As a user, you will not use most of the features. They are part of the system and helps to process your data according to your declarative instructions.

Also, there are methods for data sending in Nodes and Sessions. In most cases, you will use them to send data.

High-level example:

import json

from tethys.core.pipes import ZeroPipe
from tethys.core.networks import ZeroNetwork
from tethys.core.sessions import ZeroSession
from tethys.core.nodes import ZeroNode
from tethys.core.nodes.operators import PythonFunctionOperator
from tethys.core.transports import ZeroTransport
from tethys.core.stations import ZeroStation


def serializer(x):
    return json.dumps(x)


def deserializer(x):
    return json.loads(x)


transport1 = ZeroTransport(serializer=serializer, deserializer=deserializer)


# the first argument is the data_packet and other arguments will be recognized (by name)
# you can pass arguments in any order
# list of the available arguments you can find in the PythonFunctionOperator description
# in the Api Reference section

def op1_fn(data_packet, node, network, session):
    if isinstance(data_packet, str):
        # send data to the forward pipes (Pipe2 and Pipe3)
        node.send(data_packet, session)
    else:
        first_forward_pipe = next(network.get_forward_pipes(node))  # Pipe2
        first_forward_pipe.push(data_packet, session)

def op2_fn(data_packet, pipe, node, session):
    if isinstance(data_packet, str):
        pipe.push({"data": data_packet}, session)  # recursion
    else:
        node.send(data_packet, session)  # send data to the forward pipes

# data processing will detailed in the next docs section.
node1 = ZeroNode(
    PythonFunctionOperator(op1_fn)
)
node2 = ZeroNode(
    op2_fn  # the function will be wrapped by PythonFunctionOperator
)
# default: dummy operator that just returns data_packet
node3 = ZeroNode()


with ZeroPipe.transport_factory_context(transport1):
    pipe1 = ZeroPipe(ZeroNode.IN, node1, _id="pipe1")
    pipe2 = ZeroPipe(node1, node2, _id="pipe2")
    pipe3 = ZeroPipe(node1, node3, _id="pipe3")
    pipe4 = ZeroPipe(node2, ZeroNode.OUT, _id="pipe4")
    pipe5 = ZeroPipe(node3, ZeroNode.OUT, _id="pipe5")

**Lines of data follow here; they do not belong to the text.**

lemma det_Z: "det Z = of_int (sign \<tau>) * det Y"
proof -
  have "row_perm permutes {0..<2*k}" by (rule permutes_subset[OF row_perm_permutes]) auto
  moreover have "sign row_perm = sign \<tau>"
    unfolding row_perm_def by (rule sign_map_permutation[OF _ \<tau>_permutes]) auto
  ultimately show ?thesis
    unfolding Z_def using det_permute_rows[OF Y_carrier] by simp
qed

lemma Z_lower:
  assumes "i < k" "t < 2*k"
  shows "Z $$ (k+i, t) = (if t = \<beta> i then (-1)^(\<tau> i + 1 + \<beta> i) else 0)"
proof -
  have "Z $$ (k+i, t) = Y $$ (k + \<tau> i, t)"
    using assms by (simp add: Z_def row_perm_lower)
  also have "\<dots> = (if t + f_shift (\<tau> i) = 2*k - 1 then (-1)^(\<tau> i + 1 + t) else 0)"
    unfolding Y_def using \<tau>_less[OF assms(1)] assms(2) f_shift_eq_less(1)
    by (intro Dmat_mult_toeplitz_lower) auto
  also have "\<dots> = (if t = \<beta> i then (-1)^(\<tau> i + 1 + \<beta> i) else 0)"
    using f_shift_eq_less(2)[OF \<tau>_less[OF assms(1)]] by (auto simp: \<beta>_def)
  finally show ?thesis .
qed

definition binom_mat :: "real mat" where
  "binom_mat = mat k k (\<lambda>(a,b). real (c (b+1) choose nat (e (a+1) + int (a+1) - 1)))"

definition scaled_binom_mat :: "real mat" where
  "scaled_binom_mat = mat k k (\<lambda>(r,j).
     fact (e_shift r) / 2 ^ e_shift r * (2 ^ c (j+1) / fact (c (j+1))) * binom_mat $$ (r,j))"

lemma Z_minor:
  "mat k k (\<lambda>(r,j). Z $$ (r, \<gamma> j)) = mat k k (\<lambda>(r,j). scaled_binom_mat $$ (r, reverse_perm k j))"
    (is "?M = ?N")
proof (rule eq_matI)
  fix r j assume "r < dim_row ?N" "j < dim_col ?N"
  then have r: "r < k" and j: "j < k" by auto
  define C where "C = c (k - j)"
  have C: "C < 2*k" "\<gamma> j = 2*k - 1 - C" using c_less[of "k - j"] j by (auto simp: C_def \<gamma>_def)
  have "Z $$ (r, \<gamma> j) = Y $$ (r, \<gamma> j)"
    using r C by (simp add: Z_def row_perm_upper)
  also have "\<dots> = (if e_shift r + \<gamma> j < 2*k then 2 ^ (2*k - 1 - e_shift r - \<gamma> j) /
      fact (2*k - 1 - e_shift r - \<gamma> j) else 0)"
    unfolding Y_def using C r e_shift_eq[OF r] by (intro Dmat_mult_toeplitz_upper) simp_all
  also have "\<dots> = (if e_shift r \<le> C then 2 ^ (C - e_shift r) / fact (C - e_shift r) else 0)"
  proof -
    have "e_shift r + \<gamma> j < 2*k \<longleftrightarrow> e_shift r \<le> C" "2*k - 1 - e_shift r - \<gamma> j = C - e_shift r"
      using C by auto
    then show ?thesis by (simp only:)
  qed
  also have "\<dots> = fact (e_shift r) / 2 ^ e_shift r * (2 ^ C / fact C) * real (C choose e_shift r)"
    using power_div_fact_diff_eq_binomial[of 2] by simp
  also have "\<dots> = scaled_binom_mat $$ (r, reverse_perm k j)"
    using r j by (simp add: scaled_binom_mat_def binom_mat_def reverse_perm_def C_def e_shift_def Suc_diff_Suc)
  finally show "?M $$ (r, j) = ?N $$ (r, j)" using r j by simp
qed auto

lemma det_scaled_binom_mat:
  "det scaled_binom_mat =
    (\<Prod>l<k. fact (e_shift l) / 2 ^ e_shift l) * (\<Prod>l<k. 2 ^ c (l+1) / fact (c (l+1))) * det binom_mat"
  unfolding scaled_binom_mat_def by (rule det_scale_rows_cols) (simp add: binom_mat_def)

lemma det_Z_expand:
  "det Z = (-1)^(\<Sum>i<k. k + i + \<beta> i) * (\<Prod>i<k. (-1)^(\<tau> i + 1 + \<beta> i)) *
    det (mat k k (\<lambda>(r,j). Z $$ (r, \<gamma> j)))"
proof (rule det_unit_rows)
  show "Z \<in> carrier_mat (k + k) (k + k)" by (simp add: Z_def mult_2)
  show "\<beta> ` {0..<k} \<subseteq> {0..<k + k}" using \<beta>_less by (auto simp: mult_2)
  show "\<gamma> ` {0..<k} = {0..<k + k} - \<beta> ` {0..<k}" using \<gamma>_image by (simp add: mult_2)
qed (use \<beta>_mono \<gamma>_mono Z_lower in \<open>auto simp: mult_2\<close>)

lemma unit_rows_sign: "(-1::real)^(\<Sum>i<k. k + i + \<beta> i) * (\<Prod>i<k. (-1)^(\<tau> i + 1 + \<beta> i)) = 1"
proof -
  have "(\<Sum>i<k. \<tau> i) = (\<Sum>i<k. i)"
    using sum.permute[OF \<tau>_permutes, of "\<lambda>i. i"] by (simp add: atLeast0LessThan)
  then have "(\<Sum>i<k. k + i + \<beta> i) + (\<Sum>i<k. \<tau> i + 1 + \<beta> i) =
      k * (k + 1) + 2 * ((\<Sum>i<k. i) + (\<Sum>i<k. \<beta> i))"
    by (simp only: sum.distrib) (simp add: algebra_simps)
  then have "even ((\<Sum>i<k. k + i + \<beta> i) + (\<Sum>i<k. \<tau> i + 1 + \<beta> i))" by simp
  then have "(-1::real) ^ ((\<Sum>i<k. k + i + \<beta> i) + (\<Sum>i<k. \<tau> i + 1 + \<beta> i)) = 1" by simp
  then show ?thesis by (simp only: power_add power_sum)
qed
(* Let $\varepsilon\in\{1,-1\}$ and $n\ge2$. Then $$\sum_{\sigma\in\mathcal D^D_n}\varepsilon^{\ell_D(\sigma)}q^{\mathrm{Dmaj}(\sigma)}=\sum_{\sigma\in\mathcal D^\Delta_n}\varepsilon^{\ell_B(\sigma)}(\varepsilon q)^{\mathrm{fmaj}(\sigma)}+\frac{\varepsilon}{2}\left(\sum_{\sigma\in\mathcal D^B_{n-1}}\varepsilon^{\ell_B(\sigma)}q^{\mathrm{fmaj}(\sigma)}-\sum_{\sigma\in\mathcal D^B_{n-1}}\varepsilon^{\ell_B(\sigma)}(-q)^{\mathrm{fmaj}(\sigma)}\right).$$
   Context: $B_n$ is the set of words $\sigma=\sigma_1\cdots\sigma_n$ with $\sigma_i\in\{\pm1,\dots,\pm n\}$ and $|\sigma_1|\cdots|\sigma_n|$ a permutation of $[n]$; $\mathrm{neg}(\sigma)$ is the number of negative letters; $D_n=\{\sigma\in B_n:\mathrm{neg}(\sigma)\text{ even}\}$; $\Delta_n=\{\sigma\in B_n:\sigma_n>0\}$. A derangement is an element with $\sigma_i\ne i$ for all $i$; $\mathcal D^B_n,\mathcal D^D_n,\mathcal D^\Delta_n$ denote the derangements in $B_n,D_n,\Delta_n$. $\mathrm{inv}$ in usual order, $\ell_B(\sigma)=\mathrm{inv}(\sigma)-\sum_{i:\sigma_i<0}\sigma_i$, $\ell_D(\sigma)=\ell_B(\sigma)-\mathrm{neg}(\sigma)$. Order $\prec$: $-1\prec-2\prec\cdots\prec-N\prec1\prec\cdots\prec N$; $\mathrm{maj}_\prec(w)=\sum_{i:w_i\succ w_{i+1}}i$; $\mathrm{fmaj}(w)=2\mathrm{maj}_\prec(w)+\mathrm{neg}(w)$; $\mathrm{Dmaj}(\sigma)=\mathrm{fmaj}(\sigma_1\cdots\sigma_{n-1}|\sigma_n|)$. *)

theory Defs
  imports Main
begin

text \<open>Signed permutations are represented as lists of integers (one-line notation,
  0-indexed list positions, entry at position i is sigma_(i+1)).\<close>

definition signed_perms :: "nat \<Rightarrow> int list set" where
  "signed_perms n = {w. length w = n \<and> distinct (map abs w) \<and> set (map abs w) = {1..int n}}"

definition neg :: "int list \<Rightarrow> nat" where
  "neg w = length (filter (\<lambda>x. x < 0) w)"

definition typeD :: "nat \<Rightarrow> int list set" where
  "typeD n = {w \<in> signed_perms n. even (neg w)}"

definition typeDelta :: "nat \<Rightarrow> int list set" where
  "typeDelta n = {w \<in> signed_perms n. last w > 0}"

definition is_derangement :: "int list \<Rightarrow> bool" where
  "is_derangement w \<longleftrightarrow> (\<forall>i<length w. w ! i \<noteq> int (i + 1))"

definition derangB :: "nat \<Rightarrow> int list set" where
  "derangB n = {w \<in> signed_perms n. is_derangement w}"

definition derangD :: "nat \<Rightarrow> int list set" where
  "derangD n = {w \<in> typeD n. is_derangement w}"

definition derangDelta :: "nat \<Rightarrow> int list set" where
  "derangDelta n = {w \<in> typeDelta n. is_derangement w}"

definition inv :: "int list \<Rightarrow> nat" where
  "inv w = card {(i, j). i < j \<and> j < length w \<and> w ! i > w ! j}"

definition lengthB :: "int list \<Rightarrow> nat" where
  "lengthB w = inv w + nat (\<Sum>i<length w. if w ! i < 0 then - (w ! i) else 0)"

definition lengthD :: "int list \<Rightarrow> nat" where
  "lengthD w = lengthB w - neg w"

definition prec :: "int \<Rightarrow> int \<Rightarrow> bool" where
  "prec x y \<longleftrightarrow> (x < 0 \<and> y > 0) \<or> (x < 0 \<and> y < 0 \<and> y < x) \<or> (x > 0 \<and> y > 0 \<and> x < y)"

text \<open>maj w = sum of i (1-indexed) with w_i succ w_(i+1).\<close>
definition maj_prec :: "int list \<Rightarrow> nat" where
  "maj_prec w = (\<Sum>i\<in>{1..<length w}. if prec (w ! i) (w ! (i - 1)) then i else 0)"

definition fmaj :: "int list \<Rightarrow> nat" where
  "fmaj w = 2 * maj_prec w + neg w"

definition Dmaj :: "int list \<Rightarrow> nat" where
  "Dmaj w = fmaj (butlast w @ [abs (last w)])"

end

theory Submission
  imports Defs
begin

text \<open>Forgetting the sign of the last letter is injective on type-D words, since the parity
  of neg fixes that sign. On the D-derangements of length n its image consists of the
  Delta-derangements and of the words t @ [n] with t a B-derangement of length n - 1 having odd
  neg; the latter are the images of the D-derangements ending in -n. Negating a last letter m
  changes lengthB by 2m - 1 and neg by 1, so \<epsilon>^lengthD of a D-word equals \<epsilon>^(lengthB + neg)
  of its image. On the Delta part fmaj \<equiv> neg (mod 2) turns this into the (\<epsilon> q)-weight; on the
  other part appending n changes none of lengthB, neg, fmaj, and (q^f - (-q)^f)/2 keeps exactly
  the terms with odd fmaj, that is, with odd neg.\<close>

subsection \<open>Statistics of a word extended by one letter\<close>

lemma inv_snoc: "inv (u @ [x]) = inv u + card {i. i < length u \<and> u ! i > x}"
proof -
  let ?L = "length u"
  have "{(i, j). i < j \<and> j < length (u @ [x]) \<and> (u @ [x]) ! i > (u @ [x]) ! j}
      = {(i, j). i < j \<and> j < ?L \<and> u ! i > u ! j} \<union> (\<lambda>i. (i, ?L)) ` {i. i < ?L \<and> u ! i > x}"
    by (auto simp: nth_append less_Suc_eq split: if_splits)
  moreover have "finite {(i, j). i < j \<and> j < ?L \<and> u ! i > u ! j}"
    by (rule finite_subset[of _ "{..<?L} \<times> {..<?L}"]) auto
  moreover have "{(i, j). i < j \<and> j < ?L \<and> u ! i > u ! j} \<inter> (\<lambda>i. (i, ?L)) ` {i. i < ?L \<and> u ! i > x} = {}"
    by auto
  moreover have "card ((\<lambda>i. (i, ?L)) ` {i. i < ?L \<and> u ! i > x}) = card {i. i < ?L \<and> u ! i > x}"
    by (rule card_image) (auto simp: inj_on_def)
  ultimately show ?thesis
    unfolding inv_def by (simp add: card_Un_disjoint)
qed

lemma lengthB_snoc:
  "lengthB (u @ [x]) = lengthB u + card {i. i < length u \<and> u ! i > x} + nat (- x)"
proof -
  let ?a = "\<lambda>y :: int. if y < 0 then - y else 0"
  have "(\<Sum>i<length (u @ [x]). ?a ((u @ [x]) ! i)) = (\<Sum>i<length u. ?a (u ! i)) + ?a x"
    by (auto simp: nth_append intro!: sum.cong)
  moreover have "(\<Sum>i<length u. ?a (u ! i)) \<ge> 0"
    by (rule sum_nonneg) simp
  ultimately show ?thesis
    unfolding lengthB_def inv_snoc by (simp add: nat_add_distrib)
qed

lemma neg_snoc: "neg (u @ [x]) = neg u + (if x < 0 then 1 else 0)"
  unfolding neg_def by simp

lemma neg_le_lengthB: "neg w \<le> lengthB w"
proof (induction w rule: rev_induct)
  case Nil
  then show ?case by (simp add: neg_def)
next
  case (snoc x u)
  have "x < 0 \<Longrightarrow> 1 \<le> nat (- x)" by simp
  with snoc show ?case by (auto simp: lengthB_snoc neg_snoc)
qed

network = ZeroNetwork([pipe1, pipe2, pipe3, pipe4, pipe5])

#                                     -----Pipe 2------>  Node 2 -----Pipe 4------> OUT
#    IN   --Pipe1-->   Node 1   --->
#                                     -----Pipe 3------>  Node 3 -----Pipe 5------> OUT

session = ZeroSession(network).open()

# will send data to the input pipe (Pipe1)
session.send(["data1", "data2", {"data": "data3"}], many=True)

session.close(ZeroSession.SOFT_CLOSING_MODE)

# start processing
ZeroStation(
    sessions=[session],
    monitor_checks_delay=0.1,
    update_min_delay=0.1,
    stream_waiting_timeout=0
).start()

assert list(pipe4.pull(session, wait_timeout=0)) == [
    {"data": "data3"},
    {"data": "data1"},
    {"data": "data2"}
]

assert list(pipe5.pull(session, wait_timeout=0)) == [
    "data1",
    "data2"
]

How to work the “data processing” will detailed in next sections of the docs. Also, list of the filters, operators and connectors you can find in the API Reference.